*** Opening of DATA EXCERPTS ***

lemma continuous_orthogonal_cis_eq_0:
  fixes g :: "real \<Rightarrow> complex"
  assumes gc: "continuous_on {0..1} g"
    and orth: "\<And>k::int. integral {0..1} (\<lambda>t. g t * cis (2 * pi * t * real_of_int k)) = 0"
    and t: "t \<in> {0..1}"
  shows "g t = 0"
proof -
  note cos0 = integral_mult_cos_sin_eq_0(1)[OF gc orth]
  note sin0 = integral_mult_cos_sin_eq_0(2)[OF gc orth]
  have Re0: "integral {0..1} (\<lambda>t. Re (g t) * f t) = 0"
    and Im0: "integral {0..1} (\<lambda>t. Im (g t) * f t) = 0"
    if "continuous_on {0..1} f" "integral {0..1} (\<lambda>t. g t * complex_of_real (f t)) = 0" for f
  proof -
    have "(\<lambda>t. g t * complex_of_real (f t)) integrable_on {0..1}"
      by (intro integrable_continuous_interval continuous_intros gc that(1))
    from integral_linear[OF this bounded_linear_Re] integral_linear[OF this bounded_linear_Im]
    show "integral {0..1} (\<lambda>t. Re (g t) * f t) = 0" "integral {0..1} (\<lambda>t. Im (g t) * f t) = 0"
      using that(2) by (simp_all add: o_def)
  qed
  have "Re (g t) = 0"
    by (rule continuous_orthogonal_trig_eq_0[OF _ Re0[OF _ cos0] Re0[OF _ sin0] t])
      (intro continuous_intros gc)+
  moreover have "Im (g t) = 0"
    by (rule continuous_orthogonal_trig_eq_0[OF _ Im0[OF _ cos0] Im0[OF _ sin0] t])
      (intro continuous_intros gc)+
  ultimately show ?thesis by (simp add: complex_eq_iff)
qed

section \<open>Fourier inversion\<close>

definition weighted_abs_sum_le :: "real \<Rightarrow> (int \<Rightarrow> complex) \<Rightarrow> real \<Rightarrow> bool" where
  "weighted_abs_sum_le \<gamma> r C \<longleftrightarrow>
     (\<lambda>n. (1 + \<bar>real_of_int n\<bar>) powr \<gamma> * cmod (r n)) summable_on UNIV \<and>
     (\<Sum>\<^sub>\<infinity>n. (1 + \<bar>real_of_int n\<bar>) powr \<gamma> * cmod (r n)) \<le> C"

lemma weighted_tail_bound:
  fixes r :: "int \<Rightarrow> complex" and A :: "int set"
  assumes r: "weighted_abs_sum_le \<gamma> r C" and \<gamma>: "\<gamma> \<ge> 0" and x: "x \<ge> 0"
    and A: "\<And>n. n \<in> A \<Longrightarrow> x \<le> \<bar>real_of_int n\<bar>"
  shows "(\<lambda>n. cmod (r n)) summable_on A"
    "(\<Sum>\<^sub>\<infinity>n\<in>A. cmod (r n)) \<le> C / (1 + x) powr \<gamma>"
proof -
  define W where "W = (\<lambda>n. (1 + \<bar>real_of_int n\<bar>) powr \<gamma> * cmod (r n))"
  have W: "W summable_on UNIV" "(\<Sum>\<^sub>\<infinity>n. W n) \<le> C"
    using r unfolding weighted_abs_sum_le_def W_def by auto
  have "(\<lambda>n. cmod (r n)) summable_on UNIV"
  proof (rule summable_on_comparison_test[OF W(1)])
    fix n :: int
    have "1 * cmod (r n) \<le> W n"
      unfolding W_def using \<gamma> by (intro mult_right_mono ge_one_powr_ge_zero) auto
    then show "cmod (r n) \<le> W n" by simp
  qed simp
  then show summable: "(\<lambda>n. cmod (r n)) summable_on A"
    using summable_on_subset_banach by fastforce
  have px: "(1 + x) powr \<gamma> > 0" using x by simp
  have W_A: "W summable_on A" using summable_on_subset_banach[OF W(1)] by simp
  have "(\<Sum>\<^sub>\<infinity>n\<in>A. cmod (r n)) \<le> (\<Sum>\<^sub>\<infinity>n\<in>A. W n / (1 + x) powr \<gamma>)"
  proof (rule infsum_mono[OF summable])
    show "(\<lambda>n. W n / (1 + x) powr \<gamma>) summable_on A"
      using summable_on_cmult_left[OF W_A, of "1 / (1 + x) powr \<gamma>"] by simp
    fix n assume n: "n \<in> A"
    have "(1 + x) powr \<gamma> \<le> (1 + \<bar>real_of_int n\<bar>) powr \<gamma>"
      using A[OF n] x \<gamma> by (intro powr_mono2) auto
    then have "(1 + x) powr \<gamma> * cmod (r n) \<le> W n"
      unfolding W_def by (intro mult_right_mono) auto
    then show "cmod (r n) \<le> W n / (1 + x) powr \<gamma>"
      using px by (simp add: field_simps)
  qed
  also have "\<dots> = (\<Sum>\<^sub>\<infinity>n\<in>A. W n) / (1 + x) powr \<gamma>"
    using infsum_cmult_left[of "1 / (1 + x) powr \<gamma>" W A] W_A by simp
  also have "\<dots> \<le> C / (1 + x) powr \<gamma>"
  proof (rule divide_right_mono)
    have "(\<Sum>\<^sub>\<infinity>n\<in>A. W n) \<le> (\<Sum>\<^sub>\<infinity>n. W n)"
      using W_A W(1) by (intro infsum_mono_neutral) (auto simp: W_def)
    with W(2) show "(\<Sum>\<^sub>\<infinity>n\<in>A. W n) \<le> C" by simp
  qed (use px in auto)
  finally show "(\<Sum>\<^sub>\<infinity>n\<in>A. cmod (r n)) \<le> C / (1 + x) powr \<gamma>" .
qed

*** Close of DATA EXCERPTS ***

Report every line in the data above in which the word "rule" appears.

RESPONSE TO THIS EXERCISE:
    by (rule continuous_orthogonal_trig_eq_0[OF _ Re0[OF _ cos0] Re0[OF _ sin0] t])
    by (rule continuous_orthogonal_trig_eq_0[OF _ Im0[OF _ cos0] Im0[OF _ sin0] t])
  proof (rule summable_on_comparison_test[OF W(1)])
  proof (rule infsum_mono[OF summable])
  proof (rule divide_right_mono)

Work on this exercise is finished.